One challenge with implicit stacks is the temptation to copy and paste from existing stacks and units to create new ones. This may seem faster in the short term but leads to inconsistency and maintenance headaches later. So be catious or, instead, automate stack creation wherever possible. A good pattern is to:

  • Use and maintain your unit templates as defaults.
  • Keep shared variables and configuration at higher stack levels so new units can inherit variables automatically.
  • frequently evaluate and adjust your setup according the variables and configurations and possibly changing defaults.

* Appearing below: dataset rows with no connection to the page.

lemma mutual_info_planted_msg:
  fixes mu :: "('x::finite \<times> 'y::finite) pmf"
  assumes q: "q > 0" and fin: "finite (set_pmf (list_joint_pmf mu q M))"
  shows "real q * mutual_info_pmf (joint_pmf mu (planted_msg mu q M))
       = (\<Sum>j<q. mutual_info_pmf (coordinate_pmf j (list_joint_pmf mu q M)))"
proof -
  define D where "D j = coordinate_pmf j (list_joint_pmf mu q M)" for j
  have inj: "inj (\<lambda>(j, m). unary_tag j m)" by (auto simp: inj_def)
  have marg: "map_pmf fst (D j) = mu" if "j < q" for j
    using map_pmf_nth_replicate_pmf[OF that]
    by (simp add: D_def map_fst_coordinate_pmf map_fst_list_joint_pmf)
  have fin_D: "finite (set_pmf (D j))" for j
    using fin by (simp add: D_def coordinate_pmf_def)
  have "bind_pmf (pmf_of_set {..<q})
      (\<lambda>j. map_pmf (\<lambda>(z, m). (z, (j, m))) (joint_pmf mu (\<lambda>x y. planted_pmf mu q M j (x, y))))
    = bind_pmf (pmf_of_set {..<q}) (\<lambda>j. map_pmf (\<lambda>(z, m). (z, (j, m))) (D j))"
    using q by (intro bind_pmf_cong refl) (simp add: D_def coordinate_list_joint_pmf)
  then have "mutual_info_pmf (joint_pmf mu (planted_msg mu q M))
      = mutual_info_pmf (bind_pmf (pmf_of_set {..<q}) (\<lambda>j. map_pmf (\<lambda>(z, m). (z, (j, m))) (D j)))"
    using mutual_info_pmf_map_snd_inj[OF inj] by (simp add: joint_pmf_planted_msg case_prod_unfold)
  also have "\<dots> = (\<Sum>j<q. mutual_info_pmf (D j)) / q"
    using q fin_D marg by (subst mutual_info_pmf_mixture) auto
  finally show ?thesis using q by (simp add: D_def)
qed

lemma mutual_info_planted_msg_le:
  fixes mu :: "('x::finite \<times> 'y::finite) pmf"
  assumes q: "q > 0" and fin: "finite (set_pmf (list_joint_pmf mu q M))" and t: "0 < t" "t < 1/2"
  shows "real q * mutual_info_pmf (joint_pmf mu (planted_msg mu q M))
       \<le> log 2 (1/t) * expected_length mu q M - log 2 (1 - 2*t)"
proof -
  define J where "J = list_joint_pmf mu q M"
  define w where "w m = (1 - 2*t) * t ^ length m" for m :: "bool list"
  have int: "integrable (measure_pmf J) g" for g :: "_ \<Rightarrow> real"
    using fin by (simp add: J_def integrable_measure_pmf_finite)
  have "real q * mutual_info_pmf (joint_pmf mu (planted_msg mu q M))
      \<le> measure_pmf.expectation J (\<lambda>(zs, m). - log 2 (w m))"
    unfolding mutual_info_planted_msg[OF q fin] J_def
    using t fin by (intro sum_mutual_info_coordinate_le[where mu=mu] map_fst_list_joint_pmf)
      (auto simp: w_def intro: sum_geometric_length_weight_le)
  also have "\<dots> = measure_pmf.expectation J (\<lambda>(zs, m). log 2 (1/t) * real (length m) - log 2 (1 - 2*t))"
    by (intro Bochner_Integration.integral_cong refl)
      (use t in \<open>auto simp: w_def log_mult log_nat_power log_divide\<close>)
  also have "\<dots> = log 2 (1/t) * expected_length mu q M - log 2 (1 - 2*t)"
    by (simp add: expected_length_list_joint_pmf J_def[symmetric] case_prod_unfold
        Bochner_Integration.integral_diff[OF int int])
  finally show ?thesis .
qed

section \<open>Concatenating proofs\<close>

function block_code :: "nat \<Rightarrow> bool list \<Rightarrow> bool list" where
  "block_code b m = (if b = 0 \<or> length m < b then False # unary_tag (length m) m
                     else True # take b m @ block_code b (drop b m))"
  by pat_completeness auto
termination by (relation "Wellfounded.measure (\<lambda>(b, m). length m)") auto

declare block_code.simps [simp del]

lemma block_code_append_eq:
  "block_code b u @ v = block_code b u' @ v' \<Longrightarrow> u = u' \<and> v = v'"
proof (induction b u arbitrary: u' v v' rule: block_code.induct)
  case (1 b u)
  consider "b = 0 \<or> length u < b" "b = 0 \<or> length u' < b"
    | "\<not> (b = 0 \<or> length u < b)" "\<not> (b = 0 \<or> length u' < b)"
    | "(b = 0 \<or> length u < b) \<noteq> (b = 0 \<or> length u' < b)"
    by blast
  then show ?case
  proof cases
    case 1
    then have "unary_tag (length u) (u @ v) = unary_tag (length u') (u' @ v')"
      using "1.prems" by (simp add: block_code.simps[of b u] block_code.simps[of b u'] unary_tag_def)
    then show ?thesis by (metis append_eq_append_conv unary_tag_eq_iff)
  next
    case 2
    then have "take b u @ (block_code b (drop b u) @ v) = take b u' @ (block_code b (drop b u') @ v')"
      using "1.prems" by (simp add: block_code.simps[of b u] block_code.simps[of b u'])
    moreover have "length (take b u) = length (take b u')" using 2 by simp
    ultimately have "take b u = take b u'" "block_code b (drop b u) @ v = block_code b (drop b u') @ v'"
      by (auto simp: append_eq_append_conv)
    with "1.IH"[OF 2(1)] show ?thesis by (metis append_take_drop_id)
  next
    case 3
    then show ?thesis
      using "1.prems" by (auto simp: block_code.simps[of b u] block_code.simps[of b u'])
  qed
qed

lemma length_block_code_le:
  "b > 0 \<Longrightarrow> real (length (block_code b m)) \<le> real (length m) * (1 + 1/b) + 2 * real b"
proof (induction b m rule: block_code.induct)
  case (1 b m)
  show ?case
  proof (cases "length m < b")
    case True
    then have "real (length (block_code b m)) = 2 + 2 * real (length m)"
      using "1.prems" by (simp add: block_code.simps[of b m] unary_tag_def)
    moreover have "2 + 2 * real (length m) \<le> real (length m) + 2 * b + real (length m) / b"
    proof -
      have "real (length m) + 1 \<le> b" "0 \<le> real (length m) / b" using True by auto
      then show ?thesis using "1.prems" by linarith
    qed
    ultimately show ?thesis by (simp add: algebra_simps)
  next
    case False
    then have "real (length (block_code b m)) = 1 + real b + real (length (block_code b (drop b m)))"
      using "1.prems" by (simp add: block_code.simps[of b m])
    moreover have "real (length (block_code b (drop b m)))
        \<le> (real (length m) - b) * (1 + 1/b) + 2 * real b"
      using "1.IH" False "1.prems" by (simp add: of_nat_diff)
    moreover have "(real (length m) - b) * (1 + 1/b) = real (length m) * (1 + 1/b) - b - 1"
      using "1.prems" by (simp add: field_simps)
    ultimately show ?thesis by linarith
  qed
qed

definition concat_msg :: "nat \<Rightarrow> nat \<Rightarrow> ('x list \<Rightarrow> 'y list \<Rightarrow> bool list pmf)
    \<Rightarrow> ('x list \<Rightarrow> 'y list \<Rightarrow> bool list pmf) \<Rightarrow> 'x list \<Rightarrow> 'y list \<Rightarrow> bool list pmf" where
  "concat_msg b p M1 M2 xs ys = bind_pmf (M1 (take p xs) (take p ys))
     (\<lambda>m1. map_pmf (\<lambda>m2. block_code b m1 @ m2) (M2 (drop p xs) (drop p ys)))"

definition concat_acc :: "nat \<Rightarrow> nat \<Rightarrow> ('a list \<Rightarrow> bool list \<Rightarrow> bool)
    \<Rightarrow> ('a list \<Rightarrow> bool list \<Rightarrow> bool) \<Rightarrow> 'a list \<Rightarrow> bool list \<Rightarrow> bool" where
  "concat_acc b p A1 A2 as m \<longleftrightarrow> (\<exists>u v. m = block_code b u @ v \<and> A1 (take p as) u \<and> A2 (drop p as) v)"

lemma is_proof_concat:
  assumes P1: "is_pow_proof f p M1 A1 B1"
    and P2: "is_pow_proof f r M2 A2 B2"
  shows "is_pow_proof f (p + r) (concat_msg b p M1 M2) (concat_acc b p A1 A2) (concat_acc b p B1 B2)"
  unfolding is_proof_def
proof (intro ballI conjI impI allI)
  fix xs :: "'a list" and ys :: "'b list"
  assume "xs \<in> {xs. length xs = p + r}" "ys \<in> {ys. length ys = p + r}"
  then have len: "length xs = p + r" "length ys = p + r" by auto
  note P1' = P1[unfolded is_proof_def, rule_format, of "take p xs" "take p ys"]
  note P2' = P2[unfolded is_proof_def, rule_format, of "drop p xs" "drop p ys"]
  show "finite (set_pmf (concat_msg b p M1 M2 xs ys))"
    using P1' P2' len by (auto simp: concat_msg_def)
  show "concat_acc b p A1 A2 xs m" "concat_acc b p B1 B2 ys m"
    if "fpow f xs ys = replicate (p + r) True" "m \<in> set_pmf (concat_msg b p M1 M2 xs ys)" for m
    using that P1' P2' len unfolding concat_acc_def
    by (auto simp: concat_msg_def fpow_eq_replicate_add_iff)
  show "\<not> concat_acc b p A1 A2 xs m \<or> \<not> concat_acc b p B1 B2 ys m"
    if "fpow f xs ys \<noteq> replicate (p + r) True" for m
    using that P1' P2' len unfolding concat_acc_def
    by (auto simp: fpow_eq_replicate_add_iff dest: block_code_append_eq)
qed

lemma expectation_length_block_concat_le:
  assumes fin: "finite (set_pmf X1)" "finite (set_pmf X2)" and b: "b > 0"
  shows "measure_pmf.expectation (bind_pmf X1 (\<lambda>m1. map_pmf (\<lambda>m2. block_code b m1 @ m2) X2))
           (\<lambda>m. real (length m))
         \<le> (1 + 1/b) * measure_pmf.expectation X1 (\<lambda>m. real (length m)) + 2 * real b
             + measure_pmf.expectation X2 (\<lambda>m. real (length m))"
proof -
  have int1: "integrable (measure_pmf X1) h" and int2: "integrable (measure_pmf X2) h'"
    for h h' :: "bool list \<Rightarrow> real" using fin by (simp_all add: integrable_measure_pmf_finite)
  have "measure_pmf.expectation (bind_pmf X1 (\<lambda>m1. map_pmf (\<lambda>m2. block_code b m1 @ m2) X2))
          (\<lambda>m. real (length m))
      = measure_pmf.expectation X1 (\<lambda>m1. real (length (block_code b m1))
          + measure_pmf.expectation X2 (\<lambda>m. real (length m)))"
    using fin by (simp add: expectation_bind_pmf_finite Bochner_Integration.integral_add[OF int2 int2])
  also have "\<dots> \<le> measure_pmf.expectation X1 (\<lambda>m1. real (length m1) * (1 + 1/b) + 2 * real b
          + measure_pmf.expectation X2 (\<lambda>m. real (length m)))"
    using b by (intro integral_mono int1 add_right_mono length_block_code_le)
  finally show ?thesis
    by (simp add: Bochner_Integration.integral_add[OF int1 int1] mult.commute)
qed

lemma expected_length_concat_le:
  fixes f :: "'x::finite \<Rightarrow> 'y::finite \<Rightarrow> bool" and mu :: "('x \<times> 'y) pmf"
  assumes P1: "is_pow_proof f p M1 A1 B1"
    and P2: "is_pow_proof f r M2 A2 B2"
    and b: "b > 0"
  shows "expected_length mu (p + r) (concat_msg b p M1 M2)
           \<le> (1 + 1/b) * expected_length mu p M1 + 2 * real b + expected_length mu r M2"
proof -
  define g :: "('x list \<Rightarrow> 'y list \<Rightarrow> bool list pmf) \<Rightarrow> ('x \<times> 'y) list \<Rightarrow> real"
    where "g M zs = measure_pmf.expectation (M (map fst zs) (map snd zs)) (\<lambda>m. real (length m))" for M zs
  have fin1: "finite (set_pmf (M1 (map fst zs) (map snd zs)))" if "length zs = p" for zs
    using is_proof_finite[OF P1] that by simp
  have fin2: "finite (set_pmf (M2 (map fst zs) (map snd zs)))" if "length zs = r" for zs
    using is_proof_finite[OF P2] that by simp
  have fin: "finite (set_pmf (concat_msg b p M1 M2 (map fst zs) (map snd zs)))" if "length zs = p + r" for zs
    using is_proof_finite[OF is_proof_concat[OF P1 P2]] that by simp
  have int: "integrable (measure_pmf (replicate_pmf n mu)) h" for n and h :: "_ \<Rightarrow> real"
    by (simp add: finite_set_pmf_replicate_pmf integrable_measure_pmf_finite)
  have "expected_length mu (p + r) (concat_msg b p M1 M2)
      = measure_pmf.expectation (replicate_pmf (p + r) mu) (g (concat_msg b p M1 M2))"
    unfolding g_def using fin by (rule expected_length_eq_iterated)
  also have "\<dots> \<le> measure_pmf.expectation (replicate_pmf (p + r) mu)
      (\<lambda>zs. (1 + 1/b) * g M1 (take p zs) + 2 * real b + g M2 (drop p zs))"
    using fin1 fin2 b
    by (intro integral_mono_AE int)
      (auto simp: AE_measure_pmf_iff g_def concat_msg_def take_map drop_map
        dest!: set_pmf_replicate_pmfD intro!: expectation_length_block_concat_le)
  also have "\<dots> = (1 + 1/b) * measure_pmf.expectation (map_pmf (take p) (replicate_pmf (p + r) mu)) (g M1)
      + 2 * real b + measure_pmf.expectation (map_pmf (drop p) (replicate_pmf (p + r) mu)) (g M2)"
    by (simp add: Bochner_Integration.integral_add[OF int int])
  also have "\<dots> = (1 + 1/b) * expected_length mu p M1 + 2 * real b + expected_length mu r M2"
    unfolding map_pmf_take_replicate_pmf map_pmf_drop_replicate_pmf g_def
    using fin1 fin2 by (simp add: expected_length_eq_iterated)
  finally show ?thesis .
qed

When Homogeneity Becomes the Norm

If your infrastructure becomes highly uniform (e.g., hundreds of identical stacks) and the amount of stacks/units gets very high, consider:

For most dynamic, heterogeneous environments, however, the implicit stack model remains the most flexible, maintainable and even scalable approach.

OpenTofu Modules

OpenTofu modules are the building blocks of your infrastructure. How you organize and source them greatly affects maintainability and scalability. In most Terragrunt projects, you’ll encounter two main types of module sources: local modules and remote modules. Each serves a distinct purpose depending on the maturity and scale of your setup.

Local Modules

Looking into the example repo, the local tf modules are beyond the local-tf-modules directory. They are ideal for:

  • Fast iteration and prototyping You can quickly modify module code and test it without pushing changes to a remote registry.
  • Simplified debugging and development Developers can easily explore, update, and debug modules as part of their day-to-day work.
  • Ideal for prototyping In the early stages of a project, it’s easier to evolve your architecture when modules are local and versioning constraints are minimal.

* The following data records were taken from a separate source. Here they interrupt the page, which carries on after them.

(* Let $0<t_1<t_2<t_3<t_4$ be real numbers and let $p_i=(t_i,t_i^2,t_i^3)\in\mathbb{R}^3$ for $1\le i\le 4$. Then the unique sphere in $\mathbb{R}^3$ passing through $p_1,\dots,p_4$ has the following property: for every $t\in(0,t_1)\cup(t_2,t_3)\cup(t_4,\infty)$, the point $(t,t^2,t^3)$ lies strictly outside the sphere, i.e., its distance from the center of the sphere is strictly greater than the radius.
   Context: The moment curve in $\mathbb{R}^d$ is the curve $t\mapsto(t,t^2,\dots,t^d)$ for $t>0$. *)

theory Defs
  imports "HOL-Analysis.Analysis"
begin

definition moment_curve3 :: "real \<Rightarrow> real ^ 3" where
  "moment_curve3 t = vector [t, t^2, t^3]"

end

(* The squared distance from a centre c to the curve point at t, minus the squared radius, is a
   monic polynomial of degree six in t.  For a sphere through the four given points it is therefore
   (t - t1)(t - t2)(t - t3)(t - t4) Q(t) with a monic quadratic Q, whose coefficients turn out to be
   such that Q has no real root; so the point is outside exactly where the quartic factor is
   positive.  Two spheres through the points differ by a cubic in t with four roots, hence agree. *)
theory Submission
  imports Defs "HOL-Computational_Algebra.Polynomial"
begin

lemma dist_moment_curve3_sq:
  "(dist c (moment_curve3 t))^2
     = (c$1)^2 + (c$2)^2 + (c$3)^2 + t^2 + t^4 + t^6 - 2 * (c$1 * t + c$2 * t^2 + c$3 * t^3)"
proof -
  have "(dist c (moment_curve3 t))^2 = (c$1 - t)^2 + (c$2 - t^2)^2 + (c$3 - t^3)^2"
    unfolding dist_vec_def L2_set_def moment_curve3_def
    by (simp add: sum_3 vector_3 dist_real_def power2_abs)
  then show ?thesis
    by (simp add: algebra_simps power2_eq_square power3_eq_cube eval_nat_numeral)
qed

lemma cubic_coeffs_eq_0:
  fixes a b c d :: "'a::idom"
  assumes "card A \<ge> 4" and "\<And>x. x \<in> A \<Longrightarrow> a + b*x + c*x^2 + d*x^3 = 0"
  shows "a = 0 \<and> b = 0 \<and> c = 0 \<and> d = 0"
proof -
  have "[:a, b, c, d:] = 0"
  proof (rule poly_eqI_degree)
    show "poly [:a, b, c, d:] x = poly 0 x" if "x \<in> A" for x
      using assms(2)[OF that] by (simp add: algebra_simps power2_eq_square power3_eq_cube)
    have "degree [:a, b, c, d:] \<le> 3"
      using degree_pCons_le[of a "[:b, c, d:]"] degree_pCons_le[of b "[:c, d:]"]
        degree_pCons_le[of c "[:d:]"] by simp
    then show "degree [:a, b, c, d:] < card A"
      using assms(1) by linarith
  qed (use assms(1) in simp)
  then show ?thesis by (simp add: pCons_eq_0_iff)
qed

text \<open>The difference of the equations \<open>|x - c|\<^sup>2 - r\<^sup>2 = 0\<close> of two spheres is affine in \<open>x\<close>,
  so along the curve it is a cubic in the parameter.\<close>

lemma moment_curve3_sphere_unique:
  assumes "card T \<ge> 4"
    and "moment_curve3 ` T \<subseteq> sphere c r" "moment_curve3 ` T \<subseteq> sphere c' r'"
  shows "c = c' \<and> r = r'"
proof -
  define A where "A = ((c$1)^2 + (c$2)^2 + (c$3)^2 - r^2) - ((c'$1)^2 + (c'$2)^2 + (c'$3)^2 - r'^2)"
  have cubic: "A + (-2 * (c$1 - c'$1)) * t + (-2 * (c$2 - c'$2)) * t^2 + (-2 * (c$3 - c'$3)) * t^3 = 0"
    if "t \<in> T" for t
  proof -
    have "(dist c (moment_curve3 t))^2 = r^2" "(dist c' (moment_curve3 t))^2 = r'^2"
      using assms(2,3) that by (auto simp: dist_commute)
    then show ?thesis
      unfolding A_def dist_moment_curve3_sq by (simp add: algebra_simps)
  qed
  have coeffs: "A = 0" "c$1 = c'$1" "c$2 = c'$2" "c$3 = c'$3"
    using cubic_coeffs_eq_0[OF assms(1) cubic] by simp_all
  then have "c = c'"
    by (simp add: vec_eq_iff forall_3)
  obtain t where "t \<in> T"
    using assms(1) by fastforce
  then have "r \<ge> 0" "r' \<ge> 0"
    using assms(2,3) by (auto dest!: subsetD[of _ _ "moment_curve3 t"])
  moreover have "r^2 = r'^2"
    using coeffs \<open>c = c'\<close> unfolding A_def by simp
  ultimately show ?thesis
    using \<open>c = c'\<close> by (simp add: power2_eq_iff_nonneg)
qed

text \<open>The centre is found by matching coefficients in
  \<open>|c - (t, t\<^sup>2, t\<^sup>3)|\<^sup>2 - r\<^sup>2 = P(t) (t\<^sup>2 + \<alpha> t + \<beta>)\<close> for the monic quartic
  \<open>P(t) = t\<^sup>4 - e\<^sub>1 t\<^sup>3 + e\<^sub>2 t\<^sup>2 - e\<^sub>3 t + e\<^sub>4\<close>: the coefficients of \<open>t\<^sup>5\<close> and \<open>t\<^sup>4\<close>
  force \<open>\<alpha> = e\<^sub>1\<close> and \<open>\<beta> = 1 + e\<^sub>1\<^sup>2 - e\<^sub>2\<close>, those of \<open>t\<^sup>3, t\<^sup>2, t\<close> then give \<open>c\<close>.\<close>

definition moment_sphere_center :: "real \<Rightarrow> real \<Rightarrow> real \<Rightarrow> real \<Rightarrow> real ^ 3" where
  "moment_sphere_center e1 e2 e3 e4 =
     (let b = 1 + e1^2 - e2
      in vector [(e3 * b - e1 * e4) / 2, (1 - e2 * b + e1 * e3 - e4) / 2, (e1 * b - e1 * e2 + e3) / 2])"

lemma dist_moment_sphere_center_sq_diff:
  fixes e1 e2 e3 e4 t u :: real
  defines "c \<equiv> moment_sphere_center e1 e2 e3 e4"
    and "P \<equiv> \<lambda>t. t^4 - e1 * t^3 + e2 * t^2 - e3 * t + e4"
    and "Q \<equiv> \<lambda>t. t^2 + e1 * t + 1 + e1^2 - e2"
  shows "(dist c (moment_curve3 t))^2 - (dist c (moment_curve3 u))^2 = P t * Q t - P u * Q u"
proof -
  have "x^2 + x^4 + x^6 - 2 * (c$1 * x + c$2 * x^2 + c$3 * x^3) = P x * Q x - e4 * (1 + e1^2 - e2)"
    for x
    unfolding c_def P_def Q_def moment_sphere_center_def Let_def vector_3
    by (simp add: field_simps power2_eq_square power3_eq_cube eval_nat_numeral)
  from this[of t] this[of u] show ?thesis
    unfolding dist_moment_curve3_sq by linarith
qed

lemma moment_quadratic_pos:
  fixes e1 e2 t :: real
  assumes "2 * e2 \<le> e1^2"
  shows "t^2 + e1 * t + 1 + e1^2 - e2 > 0"
proof -
  have "t^2 + e1 * t + 1 + e1^2 - e2 = (t + e1 / 2)^2 + (e1^2 - 2 * e2) / 2 + e1^2 / 4 + 1"
    by (simp add: power2_eq_square field_simps)
  also have "\<dots> > 0"
    using assms by (simp add: add_nonneg_pos)
  finally show ?thesis .
qed

lemma moment_curve3_dist_sq_factorization:
  fixes t1 t2 t3 t4 :: real
  obtains c :: "real ^ 3" and Q :: "real \<Rightarrow> real"
  where "\<And>t. (dist c (moment_curve3 t))^2 - (dist c (moment_curve3 t1))^2
               = (t - t1) * (t - t2) * (t - t3) * (t - t4) * Q t"
    and "\<And>t. Q t > 0"
proof -
  define e1 where "e1 = t1 + t2 + t3 + t4"
  define e2 where "e2 = t1 * t2 + t1 * t3 + t1 * t4 + t2 * t3 + t2 * t4 + t3 * t4"
  define e3 where "e3 = t1 * t2 * t3 + t1 * t2 * t4 + t1 * t3 * t4 + t2 * t3 * t4"
  define e4 where "e4 = t1 * t2 * t3 * t4"
  have vieta: "(t - t1) * (t - t2) * (t - t3) * (t - t4) = t^4 - e1 * t^3 + e2 * t^2 - e3 * t + e4"
    for t
    unfolding e1_def e2_def e3_def e4_def
    by (simp add: algebra_simps power2_eq_square power3_eq_cube eval_nat_numeral)
  have "e1^2 - 2 * e2 = t1^2 + t2^2 + t3^2 + t4^2"
    unfolding e1_def e2_def by (simp add: algebra_simps power2_eq_square)
  then have "2 * e2 \<le> e1^2"
    by (smt (verit) zero_le_power2)
  define c where "c = moment_sphere_center e1 e2 e3 e4"
  define Q where "Q = (\<lambda>t::real. t^2 + e1 * t + 1 + e1^2 - e2)"
  show ?thesis
  proof (rule that)
    show "Q t > 0" for t
      unfolding Q_def using \<open>2 * e2 \<le> e1^2\<close> by (rule moment_quadratic_pos)
    show "(dist c (moment_curve3 t))^2 - (dist c (moment_curve3 t1))^2
            = (t - t1) * (t - t2) * (t - t3) * (t - t4) * Q t" for t
    proof -
      have "(dist c (moment_curve3 t))^2 - (dist c (moment_curve3 t1))^2
          = (t^4 - e1 * t^3 + e2 * t^2 - e3 * t + e4) * Q t
            - (t1^4 - e1 * t1^3 + e2 * t1^2 - e3 * t1 + e4) * Q t1"
        unfolding c_def Q_def by (rule dist_moment_sphere_center_sq_diff)
      then show ?thesis
        by (simp only: vieta[symmetric]) simp
    qed
  qed
qed

lemma four_roots_product_pos:
  fixes t t1 t2 t3 t4 :: real
  assumes "t1 < t2" "t2 < t3" "t3 < t4" and "t < t1 \<or> t2 < t \<and> t < t3 \<or> t4 < t"
  shows "(t - t1) * (t - t2) * (t - t3) * (t - t4) > 0"
proof -
  have "(t - t1) * (t - t2) > 0" "(t - t3) * (t - t4) > 0"
    using assms by (auto intro: mult_pos_pos mult_neg_neg)
  then show ?thesis
    by (metis mult.assoc mult_pos_pos)
qed

lemma moment_curve3_sphere_through_four_points:
  fixes t1 t2 t3 t4 :: real
  assumes "t1 < t2" "t2 < t3" "t3 < t4"
  obtains c r where "moment_curve3 ` {t1, t2, t3, t4} \<subseteq> sphere c r"
    and "\<And>t. t < t1 \<or> t2 < t \<and> t < t3 \<or> t4 < t \<Longrightarrow> dist c (moment_curve3 t) > r"
proof -
  obtain c Q
    where factor: "\<And>t. (dist c (moment_curve3 t))^2 - (dist c (moment_curve3 t1))^2
                       = (t - t1) * (t - t2) * (t - t3) * (t - t4) * Q t"
      and Q_pos: "\<And>t. Q t > 0"
    using moment_curve3_dist_sq_factorization[of t1 t2 t3 t4] by blast
  define r where "r = dist c (moment_curve3 t1)"
  show ?thesis
  proof (rule that)
    have "dist c (moment_curve3 t) = r" if "t \<in> {t1, t2, t3, t4}" for t
    proof -
      have "(dist c (moment_curve3 t))^2 = r^2"
        using factor[of t] that unfolding r_def by auto
      then show ?thesis
        unfolding r_def by (simp add: power2_eq_iff_nonneg)
    qed
    then show "moment_curve3 ` {t1, t2, t3, t4} \<subseteq> sphere c r"
      by (auto simp: dist_commute)
    show "dist c (moment_curve3 t) > r" if "t < t1 \<or> t2 < t \<and> t < t3 \<or> t4 < t" for t
    proof -
      have "(t - t1) * (t - t2) * (t - t3) * (t - t4) * Q t > 0"
        using four_roots_product_pos[OF assms that] Q_pos by simp
      then have "r^2 < (dist c (moment_curve3 t))^2"
        using factor[of t] unfolding r_def by linarith
      then show ?thesis
        by (simp add: power2_less_imp_less)
    qed
  qed
qed

theorem mainTheorem7:
  fixes t1 t2 t3 t4 :: real
  assumes "0 < t1" "t1 < t2" "t2 < t3" "t3 < t4"
  shows "(\<exists>!(c, r). {moment_curve3 t1, moment_curve3 t2, moment_curve3 t3, moment_curve3 t4}
              \<subseteq> sphere (c :: real ^ 3) (r :: real))
       \<and> (\<forall>c r. {moment_curve3 t1, moment_curve3 t2, moment_curve3 t3, moment_curve3 t4}
                  \<subseteq> sphere c r \<longrightarrow>
              (\<forall>t \<in> {0<..<t1} \<union> {t2<..<t3} \<union> {t4<..}. dist c (moment_curve3 t) > r))"
proof -
  let ?T = "{t1, t2, t3, t4}"
  obtain c0 r0 where on_sphere: "moment_curve3 ` ?T \<subseteq> sphere c0 r0"
    and outside: "\<And>t. t < t1 \<or> t2 < t \<and> t < t3 \<or> t4 < t \<Longrightarrow> dist c0 (moment_curve3 t) > r0"
    using moment_curve3_sphere_through_four_points[OF assms(2-4)] by blast
  have "card ?T \<ge> 4"
    using assms by simp
  then have unique: "c = c0 \<and> r = r0" if "moment_curve3 ` ?T \<subseteq> sphere c r" for c r
    using moment_curve3_sphere_unique that on_sphere by blast
  have "\<exists>!(c, r). moment_curve3 ` ?T \<subseteq> sphere c r"
    using on_sphere unique by (intro ex1I[of _ "(c0, r0)"]) auto
  moreover have "dist c (moment_curve3 t) > r"
    if "moment_curve3 ` ?T \<subseteq> sphere c r" "t \<in> {0<..<t1} \<union> {t2<..<t3} \<union> {t4<..}" for c r t
    using unique[OF that(1)] outside that(2) by auto
  ultimately show ?thesis
    by simp
qed

end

However, they lack versioning and cross-repo sharing capabilities, making them less suited for mature environments.

Remote Modules

For more mature projects, or when multiple teams or repositories depend on the same modules, it’s better to switch to remote modules. Remote modules are hosted externally in their own repository or certain public or private registries - and are referenced by a versioned source path. This approach offers several key benefits:

  • Version control and stability Each environment can pin to a specific version, ensuring consistent behavior even as modules evolve.
  • Cross-repo sharing Remote modules allow you to reuse the same infrastructure logic across multiple repositories, keeping your architecture DRY and maintainable.
  • Robust collaboration: Teams can work independently on module improvements while keeping production deployments stable through controlled version updates.

Combining Terragrunt’s configuration management with remote modules enables scalable, maintainable infrastructure growth.

Choosing Between Local and Remote

A simple rule of thumb:

  • Start local for quick iteration, flexibility and designing your initial building blocks.
  • Move to remote once stability and collaboration become priorities.

This evolution balances early agility with long-term reliability.

Conclusion

Designing a Terragrunt repository that’s transparent, scalable, and maintainable requires more than just good folder structure. It’s about building a system that supports collaboration, automation, and growth.

By keeping your setup DRY, organizing stacks and variables thoughtfully, leveraging remote state and provider caching, and combining templating with modular OpenTofu design, you enable teams to manage complex infrastructures confidently and efficiently.

Whether you’re starting small or operating at scale, these principles ensure that every change - from a single unit tweak to a full-stack rollout - remains clear, consistent, and reliable.